Brian Armstrong Stays Long, Stays Calm, and Lets the Four-Year Cycle Cook 🍳
Coinbase CEO Brian Armstrong said on June 15 that he remains long on Bitcoin ($BTC), describing the asset as "the new digital gold" and framing the current market turbulence as part of a recurring pattern rather than a structural break. Posting on X, Armstrong wrote that investor sentiment "swings too far in both directions" and that short-term volatility does not change his long-term thesis. He attached a chart titled "Bitcoin's 4-year cycles," which maps alternating bull and bear phases dating back to 2011, each lasting roughly two years, with a question mark placed at mid-2026.
Armstrong suggested $BTC may have already established a floor in the current cycle, while stopping short of a definitive call. "My instinct is that we have probably bottomed at this point," he said. The 4-year cycle framework has drawn renewed scrutiny in 2026. Analyst Benjamin Cowen has argued the structure remains intact and has projected a potential bottom in Q4 2026, while other market participants contend that institutional capital and spot ETF inflows have altered the historical timing.

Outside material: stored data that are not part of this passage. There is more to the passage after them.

lemma eventually_small_perturbation:
  assumes "\<sigma> > 0"
  shows "\<forall>\<^sub>F \<epsilon> in at 0. small_perturbation \<sigma> \<epsilon>"
proof -
  have "((\<lambda>\<epsilon>. sqrt (\<bar>\<epsilon>\<bar> / \<sigma>) / \<sigma>) \<longlongrightarrow> 0) (at 0)"
    and "((\<lambda>\<epsilon>. R0 * sqrt (sqrt (\<bar>\<epsilon>\<bar> / \<sigma>))) \<longlongrightarrow> 0) (at 0)"
    and "((\<lambda>\<epsilon>. u0 xi0 - \<bar>\<epsilon>\<bar> * V - u0_drop (reach \<sigma> \<epsilon>)) \<longlongrightarrow> u0 xi0) (at 0)"
    using assms by (auto intro!: tendsto_eq_intros tendsto_u0_drop_reach)
  from order_tendstoD(2)[OF this(1), of "r0 / 2"] order_tendstoD(2)[OF this(2), of 1]
    order_tendstoD(1)[OF this(3), of 0]
  have "\<forall>\<^sub>F \<epsilon> in at 0. sqrt (\<bar>\<epsilon>\<bar> / \<sigma>) / \<sigma> < r0 / 2"
    "\<forall>\<^sub>F \<epsilon> in at 0. R0 * sqrt (sqrt (\<bar>\<epsilon>\<bar> / \<sigma>)) < 1"
    "\<forall>\<^sub>F \<epsilon> in at 0. 0 < u0 xi0 - \<bar>\<epsilon>\<bar> * V - u0_drop (reach \<sigma> \<epsilon>)"
    using r0_pos xi0_pos by auto
  moreover have "\<forall>\<^sub>F \<epsilon> in at 0. reach \<sigma> \<epsilon> < r0"
    using reach_tendsto_at_right[OF assms] order_tendstoD(2) r0_pos unfolding filterlim_at by blast
  moreover have "\<forall>\<^sub>F \<epsilon> in at 0. 0 < inner_radius \<epsilon> (\<bar>\<epsilon>\<bar> / \<sigma>)"
    using order_tendstoD(1)[OF tendsto_inner_radius[OF assms] R0_pos] .
  ultimately show ?thesis
    unfolding small_perturbation_def by eventually_elim auto
qed

lemma admissible_scale_bounds:
  assumes "\<sigma> > 0" "\<epsilon> \<noteq> 0" "\<sigma> < d" "d < 1 / \<sigma>" "norm \<eta> \<le> 1 / \<sigma>"
  shows "0 < \<bar>\<epsilon>\<bar> * d" "\<bar>\<epsilon>\<bar> * d \<le> \<bar>\<epsilon>\<bar> / \<sigma>"
    "norm (sqrt (\<bar>\<epsilon>\<bar> * d) *\<^sub>R \<eta>) \<le> sqrt (\<bar>\<epsilon>\<bar> / \<sigma>) / \<sigma>"
proof -
  show "0 < \<bar>\<epsilon>\<bar> * d" using assms by simp
  show le: "\<bar>\<epsilon>\<bar> * d \<le> \<bar>\<epsilon>\<bar> / \<sigma>"
    using assms mult_left_mono[of d "1 / \<sigma>" "\<bar>\<epsilon>\<bar>"] by simp
  have "norm (sqrt (\<bar>\<epsilon>\<bar> * d) *\<^sub>R \<eta>) = sqrt (\<bar>\<epsilon>\<bar> * d) * norm \<eta>"
    using assms by simp
  also have "\<dots> \<le> sqrt (\<bar>\<epsilon>\<bar> / \<sigma>) * (1 / \<sigma>)"
    using le assms by (intro mult_mono) auto
  finally show "norm (sqrt (\<bar>\<epsilon>\<bar> * d) *\<^sub>R \<eta>) \<le> sqrt (\<bar>\<epsilon>\<bar> / \<sigma>) / \<sigma>" by simp
qed

lemma inner_radius_scaled_le:
  assumes "0 < \<delta>" "\<delta> \<le> t" "R0 * sqrt (sqrt t) \<le> 1"
  shows "inner_radius \<epsilon> \<delta> * sqrt \<delta> \<le> sqrt (sqrt \<delta>)"
proof -
  have "inner_radius \<epsilon> \<delta> * sqrt \<delta> \<le> R0 * sqrt (sqrt \<delta>) * sqrt (sqrt \<delta>)"
    using inner_radius_le_R0[of \<delta> \<epsilon>] assms(1) by (simp add: mult.assoc mult_right_mono)
  also have "\<dots> \<le> 1 * sqrt (sqrt \<delta>)"
  proof (rule mult_right_mono)
    have "R0 * sqrt (sqrt \<delta>) \<le> R0 * sqrt (sqrt t)"
      using R0_pos assms(2) by (intro mult_left_mono) auto
    then show "R0 * sqrt (sqrt \<delta>) \<le> 1" using assms(3) by linarith
  qed (use assms(1) in simp)
  finally show ?thesis by simp
qed

lemma admissible_region_between_balls:
  fixes \<epsilon> d :: real and \<eta> :: R6
  defines "\<delta> \<equiv> \<bar>\<epsilon>\<bar> * d"
  defines "\<xi> \<equiv> xi0 + sqrt \<delta> *\<^sub>R \<eta>"
  assumes "\<sigma> > 0" "small_perturbation \<sigma> \<epsilon>" "\<epsilon> \<noteq> 0" "\<sigma> < d" "d < 1 / \<sigma>" "norm \<eta> \<le> 1 / \<sigma>"
  shows "0 < inner_radius \<epsilon> \<delta> \<and> 0 < outer_radius \<sigma> \<epsilon> \<and>
    ball \<xi> (inner_radius \<epsilon> \<delta> * sqrt \<delta>)
      \<subseteq> {x\<in>\<Omega>. 0 < u0 x + \<epsilon> * v0 x \<and> u0 x + \<epsilon> * v0 x < PU \<delta> \<xi> x} \<inter> ball \<xi> (\<delta> powr (1/4)) \<and>
    {x\<in>\<Omega>. 0 < u0 x + \<epsilon> * v0 x \<and> u0 x + \<epsilon> * v0 x < PU \<delta> \<xi> x} \<inter> ball \<xi> (\<delta> powr (1/4))
      \<subseteq> ball \<xi> (outer_radius \<sigma> \<epsilon> * sqrt \<delta>)"
proof -
  define t where "t = \<bar>\<epsilon>\<bar> / \<sigma>"
  note small = assms(4)[unfolded small_perturbation_def t_def[symmetric]]
  have "\<delta> > 0" "\<delta> \<le> t" and shift: "norm (\<xi> - xi0) \<le> sqrt t / \<sigma>"
    using admissible_scale_bounds[OF assms(3,5-8)] by (simp_all add: \<delta>_def \<xi>_def t_def)
  have quarter: "\<delta> powr (1/4) = sqrt (sqrt \<delta>)" using \<open>\<delta> > 0\<close> by (simp add: sqrt_sqrt_eq_powr_quarter)
  have "norm (\<xi> - xi0) + \<delta> powr (1/4) \<le> reach \<sigma> \<epsilon>"
  proof -
    have "sqrt (sqrt \<delta>) \<le> sqrt (sqrt t)" using \<open>\<delta> \<le> t\<close> by simp
    then show ?thesis using shift unfolding quarter reach_def t_def[symmetric] by linarith
  qed
  moreover have "inner_radius \<epsilon> \<delta> * sqrt \<delta> \<le> \<delta> powr (1/4)"
    unfolding quarter using inner_radius_scaled_le \<open>\<delta> > 0\<close> \<open>\<delta> \<le> t\<close> small by blast
  moreover have "norm (\<xi> - xi0) \<le> r0 / 2" using shift small by linarith
  ultimately have "ball \<xi> (inner_radius \<epsilon> \<delta> * sqrt \<delta>)
      \<subseteq> {x\<in>\<Omega>. 0 < u0 x + \<epsilon> * v0 x \<and> u0 x + \<epsilon> * v0 x < PU \<delta> \<xi> x} \<inter> ball \<xi> (\<delta> powr (1/4))"
    "{x\<in>\<Omega>. 0 < u0 x + \<epsilon> * v0 x \<and> u0 x + \<epsilon> * v0 x < PU \<delta> \<xi> x} \<inter> ball \<xi> (\<delta> powr (1/4))
      \<subseteq> ball \<xi> (outer_radius \<sigma> \<epsilon> * sqrt \<delta>)"
    using region_between_balls[OF \<open>\<delta> > 0\<close>, of \<xi> "reach \<sigma> \<epsilon>" \<epsilon>] small
    unfolding inner_radius_def outer_radius_def by auto
  moreover have "0 < outer_radius \<sigma> \<epsilon>"
    using small by (simp add: outer_radius_def bubble_radius_def alpha6_def)
  moreover have "0 < inner_radius \<epsilon> \<delta>"
    using small inner_radius_antimono[of \<delta> t \<epsilon>] \<open>\<delta> > 0\<close> \<open>\<delta> \<le> t\<close> by simp
  ultimately show ?thesis by blast
qed

lemma radii_converge:
  assumes "\<sigma> > 0" "e > 0"
  shows "\<exists>r>0. \<forall>\<epsilon> d. \<epsilon> \<noteq> 0 \<and> \<bar>\<epsilon>\<bar> < r \<and> \<sigma> < d \<and> d < 1 / \<sigma> \<longrightarrow>
           \<bar>inner_radius \<epsilon> (\<bar>\<epsilon>\<bar> * d) - R0\<bar> < e \<and> \<bar>outer_radius \<sigma> \<epsilon> - R0\<bar> < e"
proof -
  have "\<forall>\<^sub>F \<epsilon> in at 0. R0 - e < inner_radius \<epsilon> (\<bar>\<epsilon>\<bar> / \<sigma>) \<and> \<bar>outer_radius \<sigma> \<epsilon> - R0\<bar> < e"
    using tendsto_inner_radius[OF assms(1)] tendsto_outer_radius[OF assms(1)] assms(2)
    by (intro eventually_conj order_tendstoD(1)) (auto simp: tendsto_iff dist_real_def)
  then obtain r where "r > 0" and r: "\<And>\<epsilon>. \<epsilon> \<noteq> 0 \<Longrightarrow> \<bar>\<epsilon>\<bar> < r \<Longrightarrow>
      R0 - e < inner_radius \<epsilon> (\<bar>\<epsilon>\<bar> / \<sigma>) \<and> \<bar>outer_radius \<sigma> \<epsilon> - R0\<bar> < e"
    unfolding eventually_at dist_real_def by auto
  have "\<bar>inner_radius \<epsilon> (\<bar>\<epsilon>\<bar> * d) - R0\<bar> < e"
    if "\<epsilon> \<noteq> 0" "\<bar>\<epsilon>\<bar> < r" "\<sigma> < d" "d < 1 / \<sigma>" for \<epsilon> d
  proof -
    have "\<bar>\<epsilon>\<bar> * d \<le> \<bar>\<epsilon>\<bar> / \<sigma>"
      using that mult_left_mono[of d "1 / \<sigma>" "\<bar>\<epsilon>\<bar>"] by simp
    then have "inner_radius \<epsilon> (\<bar>\<epsilon>\<bar> / \<sigma>) \<le> inner_radius \<epsilon> (\<bar>\<epsilon>\<bar> * d)"
      using that assms(1) by (intro inner_radius_antimono) auto
    moreover have "inner_radius \<epsilon> (\<bar>\<epsilon>\<bar> * d) \<le> R0"
      using that assms(1) by (intro inner_radius_le_R0) auto
    ultimately show ?thesis using r[OF that(1,2)] by linarith
  qed
  then show ?thesis using \<open>r > 0\<close> r by blast
qed

end

theorem mainTheorem7:
  fixes \<Omega> :: "R6 set" and u0 v0 :: "R6 \<Rightarrow> real" and lam0 :: real and xi0 :: R6
    and PU :: "real \<Rightarrow> R6 \<Rightarrow> R6 \<Rightarrow> real"
  assumes dom: "smooth_bounded_domain \<Omega>"
    and lam: "lam0 > 0"
    and u0_cl: "dirichlet_class \<Omega> u0"
    and u0_eq: "\<forall>x\<in>\<Omega>. - laplacian u0 x = \<bar>u0 x\<bar> * u0 x + lam0 * u0 x"
    and xi0_in: "xi0 \<in> \<Omega>" and xi0_max: "\<forall>x\<in>\<Omega>. u0 x \<le> u0 xi0" and xi0_pos: "u0 xi0 > 0"
    and lam_eq: "lam0 = 2 * u0 xi0"
    and nondeg: "\<forall>w. dirichlet_class \<Omega> w \<and>
                   (\<forall>x\<in>\<Omega>. - laplacian w x = (2 * \<bar>u0 x\<bar> + lam0) * w x)
                   \<longrightarrow> (\<forall>x\<in>\<Omega>. w x = 0)"
    and v0_cl: "dirichlet_class \<Omega> v0"
    and v0_eq: "\<forall>x\<in>\<Omega>. - laplacian v0 x - (2 * \<bar>u0 x\<bar> + lam0) * v0 x = u0 x"
    and PU_cl: "\<forall>\<delta>>0. \<forall>\<xi>. dirichlet_class \<Omega> (PU \<delta> \<xi>) \<and>
                   (\<forall>x\<in>\<Omega>. - laplacian (PU \<delta> \<xi>) x = (U_bubble \<delta> \<xi> x)\<^sup>2)"
  shows "\<forall>\<sigma>>0. \<exists>eps0>0. \<exists>R1 R2 :: real \<Rightarrow> real \<Rightarrow> R6 \<Rightarrow> real.
     (\<forall>\<epsilon> d \<eta>. \<epsilon> \<noteq> 0 \<and> \<bar>\<epsilon>\<bar> < eps0 \<and> \<sigma> < d \<and> d < 1 / \<sigma> \<and> norm \<eta> \<le> 1 / \<sigma> \<longrightarrow>
        (let \<delta> = \<bar>\<epsilon>\<bar> * d; \<xi> = xi0 + sqrt \<delta> *\<^sub>R \<eta>;
             A = {x\<in>\<Omega>. 0 < u0 x + \<epsilon> * v0 x \<and> u0 x + \<epsilon> * v0 x < PU \<delta> \<xi> x}
                 \<inter> ball \<xi> (\<delta> powr (1/4))
         in R1 \<epsilon> d \<eta> > 0 \<and> R2 \<epsilon> d \<eta> > 0 \<and>
            ball \<xi> (R1 \<epsilon> d \<eta> * sqrt \<delta>) \<subseteq> A \<and> A \<subseteq> ball \<xi> (R2 \<epsilon> d \<eta> * sqrt \<delta>))) \<and>
     (\<forall>e>0. \<exists>r>0. \<forall>\<epsilon> d \<eta>. \<epsilon> \<noteq> 0 \<and> \<bar>\<epsilon>\<bar> < min r eps0 \<and> \<sigma> < d \<and> d < 1 / \<sigma> \<and> norm \<eta> \<le> 1 / \<sigma> \<longrightarrow>
        \<bar>R1 \<epsilon> d \<eta> - (alpha6 / u0 xi0) powr (1/4)\<bar> < e \<and>
        \<bar>R2 \<epsilon> d \<eta> - (alpha6 / u0 xi0) powr (1/4)\<bar> < e)"
proof (intro allI impI, goal_cases)
  case (1 \<sigma>)
  interpret perturbed_bubble \<Omega> u0 v0 xi0 PU
    using dom u0_cl v0_cl xi0_in xi0_max xi0_pos PU_cl
    by unfold_locales (auto simp: smooth_bounded_domain_def dirichlet_class_def)
  obtain eps0 where "eps0 > 0" and small: "\<And>\<epsilon>. \<epsilon> \<noteq> 0 \<Longrightarrow> \<bar>\<epsilon>\<bar> < eps0 \<Longrightarrow> small_perturbation \<sigma> \<epsilon>"
    using eventually_small_perturbation[OF \<open>\<sigma> > 0\<close>] unfolding eventually_at dist_real_def by auto
  have R0: "(alpha6 / u0 xi0) powr (1/4) = R0"
    using xi0_pos by (simp add: bubble_radius_zero alpha6_def)
  show ?case
  proof (rule exI[of _ eps0], rule conjI[OF \<open>eps0 > 0\<close>],
      rule exI[of _ "\<lambda>\<epsilon> d \<eta>. inner_radius \<epsilon> (\<bar>\<epsilon>\<bar> * d)"], rule exI[of _ "\<lambda>\<epsilon> d \<eta>. outer_radius \<sigma> \<epsilon>"],
      intro conjI allI impI, goal_cases)
    case (1 \<epsilon> d \<eta>)
    then have "\<epsilon> \<noteq> 0" "\<bar>\<epsilon>\<bar> < eps0" "\<sigma> < d" "d < 1 / \<sigma>" "norm \<eta> \<le> 1 / \<sigma>" by auto
    from admissible_region_between_balls[OF \<open>\<sigma> > 0\<close> small[OF this(1,2)] this(1,3-5)]
    show ?case by (simp only: Let_def)
  next
    case (2 e)
    then obtain r where "r > 0" and r: "\<forall>\<epsilon> d. \<epsilon> \<noteq> 0 \<and> \<bar>\<epsilon>\<bar> < r \<and> \<sigma> < d \<and> d < 1 / \<sigma> \<longrightarrow>
        \<bar>inner_radius \<epsilon> (\<bar>\<epsilon>\<bar> * d) - R0\<bar> < e \<and> \<bar>outer_radius \<sigma> \<epsilon> - R0\<bar> < e"
      using radii_converge[OF \<open>\<sigma> > 0\<close>] by blast
    then show ?case unfolding R0 by (intro exI[of _ r]) auto
  qed
qed
lemma spechtIso_Anti:
  assumes card: "CARD('n::finite) \<ge> 3"
  shows "spechtIso (Anti :: (real^'n^'n) set) [CARD('n) - 2, 1, 1]"
proof (rule spechtIsoI[where f = anti_coord
      and G = "\<lambda>t. skew_triangle (tableau_n11.c t) (tableau_n11.a t) (tableau_n11.b t)"])
  let ?T = "tableaux [CARD('n) - 2, 1, 1] :: ('n \<Rightarrow> nat \<times> nat) set"
  let ?G = "\<lambda>t. skew_triangle (tableau_n11.c t) (tableau_n11.a t) (tableau_n11.b t)"
  show "anti_coord (?G t) = polytabloid t" if "t \<in> ?T" for t
  proof -
    interpret tableau_n11 t using that card by unfold_locales
    show ?thesis using distinct by (simp add: anti_coord_skew_triangle polytabloid_eq)
  qed
  have triangle_in_span: "skew_triangle c0 a b \<in> span (?G ` ?T)" if ne: "a \<noteq> c0" "b \<noteq> c0" "a \<noteq> b" for c0 a b :: 'n
  proof -
    have "CARD('n) = card (cells [CARD('n) - 2, 1, 1])"
      using card by (simp add: card_cells_three_rows)
    then obtain t where t: "t \<in> ?T" "map t [c0, a, b] = [(0,0), (1,0), (2,0)]"
      using exists_tableau_map[of "[CARD('n) - 2, 1, 1]" "[c0, a, b]" "[(0,0), (1,0), (2,0)]"] ne card
      by (auto simp: cells_three_rows)
    interpret tableau_n11 t using t card by unfold_locales
    have "c = c0" "a = tableau_n11.a t" "b = tableau_n11.b t"
      using t_eq_iff[of c c0] t_eq_iff[of a "tableau_n11.a t"] t_eq_iff[of b "tableau_n11.b t"] t_a t_b t_c t(2)
      by (auto simp: a_def)
    then show ?thesis by (intro span_base image_eqI[OF _ t(1)]) simp
  qed
  show "Anti \<subseteq> span (?G ` ?T)"
  proof
    fix X :: "real^'n^'n" assume X: "X \<in> Anti"
    obtain c0 :: 'n where True by blast
    have "(if a \<noteq> c0 \<and> b \<noteq> c0 \<and> a \<noteq> b then X $ a $ b / 2 else 0) *\<^sub>R skew_triangle c0 a b
        \<in> span (?G ` ?T)" for a b
      using triangle_in_span[of a c0 b] by (auto intro: span_scale simp: span_zero)
    then show "X \<in> span (?G ` ?T)"
      by (subst Anti_eq_sum_skew_triangles[OF X, of c0]) (intro span_sum)
  qed
qed (use subspace_Anti conj_act_Anti anti_coord_add anti_coord_scale anti_coord_eq_0_imp
    anti_coord_conj_act skew_triangle_Anti in auto)

section \<open>The constituent \<open>{n-2,2}\<close>: symmetric matrices with zero diagonal\<close>

definition sym_unit :: "'n::finite \<Rightarrow> 'n \<Rightarrow> real^'n^'n" where
  "sym_unit p q = unit_mat p q + unit_mat q p"

definition sym_square :: "'n::finite \<Rightarrow> 'n \<Rightarrow> 'n \<Rightarrow> 'n \<Rightarrow> real^'n^'n" where
  "sym_square a b c d = sym_unit a b - sym_unit b c + sym_unit c d - sym_unit d a"

definition hollow_Symm :: "(real^'n::finite^'n) set" where
  "hollow_Symm = {X \<in> Symm. \<forall>i. X $ i $ i = 0}"

lemma sym_unit_entry:
  "sym_unit p q $ i $ j = (if i = p \<and> j = q then 1 else 0) + (if i = q \<and> j = p then 1 else 0)"
  by (simp add: sym_unit_def unit_mat_entry)

lemma sym_square_entry:
  "sym_square a b c d $ i $ j
    = sym_unit a b $ i $ j - sym_unit b c $ i $ j + sym_unit c d $ i $ j - sym_unit d a $ i $ j"
  by (simp add: sym_square_def)

lemma hollow_Symm_iff:
  "X \<in> hollow_Symm \<longleftrightarrow>
    (\<forall>i. (\<Sum>j\<in>UNIV. X $ i $ j) = 0) \<and> (\<forall>i j. X $ i $ j = X $ j $ i) \<and> (\<forall>i. X $ i $ i = 0)"
  unfolding hollow_Symm_def Symm_iff by blast

lemma hollow_SymmD:
  assumes "X \<in> hollow_Symm"
  shows "(\<Sum>j\<in>UNIV. X $ i $ j) = 0" "X $ i $ j = X $ j $ i" "X $ i $ i = 0"
  using assms unfolding hollow_Symm_iff by blast+

lemma hollow_Symm_subset_Symm: "hollow_Symm \<subseteq> Symm"
  by (auto simp: hollow_Symm_def)

lemma subspace_hollow_Symm: "subspace hollow_Symm"
  using subspace_Symm unfolding subspace_def hollow_Symm_def by auto

lemma sym_square_hollow_Symm:
  assumes "a \<noteq> b" "b \<noteq> c" "c \<noteq> d" "d \<noteq> a"
  shows "sym_square a b c d \<in> hollow_Symm"
proof -
  have row_sum: "(\<Sum>j\<in>UNIV. sym_unit p q $ i $ j) = (if i = p then 1 else 0) + (if i = q then 1 else 0)"
    for p q i
    unfolding sym_unit_def vector_add_component sum.distrib unit_mat_row_sum ..
  have sym: "sym_unit p q $ i $ j = sym_unit p q $ j $ i" for p q i j
    unfolding sym_unit_entry by (cases "i = p"; cases "j = q"; cases "i = q"; cases "j = p") simp_all
  have "(\<Sum>j\<in>UNIV. sym_square a b c d $ i $ j) = 0" for i
    unfolding sym_square_entry sum.distrib sum_subtractf row_sum by simp
  moreover have "sym_square a b c d $ i $ j = sym_square a b c d $ j $ i" for i j
    unfolding sym_square_entry by (simp only: sym[of _ _ i j])
  moreover have "sym_square a b c d $ i $ i = 0" for i
    using assms unfolding sym_square_entry sym_unit_entry by (cases "i = a"; cases "i = b"; cases "i = c") auto
  ultimately show ?thesis unfolding hollow_Symm_iff by blast
qed

lemma conj_act_hollow_Symm:
  assumes s: "\<sigma> permutes UNIV" and X: "X \<in> hollow_Symm"
  shows "conj_act \<sigma> X \<in> hollow_Symm"
proof -
  have "(\<Sum>j\<in>UNIV. X $ inv \<sigma> i $ inv \<sigma> j) = 0" for i
    using hollow_SymmD(1)[OF X] sum_permutes_inv[OF s, where f = "\<lambda>j. X $ inv \<sigma> i $ j"] by simp
  then show ?thesis
    unfolding hollow_Symm_iff conj_act_entry[OF s] using hollow_SymmD(2,3)[OF X] by blast
qed

lemma exists_three_distinct:
  assumes "CARD('n) \<ge> 3"
  obtains p q r :: "'n::finite" where "p \<noteq> q" "p \<noteq> r" "q \<noteq> r"
proof -
  obtain xs :: "'n list" where xs: "set xs = UNIV" "distinct xs"
    using finite_distinct_list[of "UNIV :: 'n set"] by auto
  then have "length xs \<ge> 3" using assms by (metis distinct_card)
  then have "xs ! i \<noteq> xs ! j" if "i < 3" "j < 3" "i \<noteq> j" for i j
    using nth_eq_iff_index_eq[OF xs(2), of i j] that by auto
  then show ?thesis by (intro that[of "xs ! 0" "xs ! 1" "xs ! 2"]) auto
qed

lemma sum_UNIV_three:
  assumes "p \<noteq> q" "p \<noteq> r" "q \<noteq> r" "\<And>j. j \<notin> {p, q, r} \<Longrightarrow> g j = 0"
  shows "(\<Sum>j\<in>(UNIV::'n::finite set). (g j::real)) = g p + g q + g r"
proof -
  have "(\<Sum>j\<in>(UNIV::'n set). g j) = (\<Sum>j\<in>UNIV. (if j = p then g p else 0) + (if j = q then g q else 0)
      + (if j = r then g r else 0))"
    using assms by (intro sum.cong refl) (auto simp: insert_iff)
  then show ?thesis by (simp add: sum.distrib)
qed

Armstrong also pushed back on bearish readings of $BTC's price action, noting that stablecoins, prediction markets, and derivatives have expanded materially while $BTC has stayed under pressure. "It's never as good or bad as it seems," he wrote. He added that the industry now extends well beyond Bitcoin alone, though he described the asset as "as important as ever" and called current conditions "one of many cycles we've all been through."
The remarks are consistent with Armstrong's previously stated outlook that $BTC will eventually reach multi-million dollar valuations, and with his projection that 10% of global GDP will run on crypto by 2030. Whether the floor he identified holds is expected to become clearer as macroeconomic conditions develop through the second half of 2026.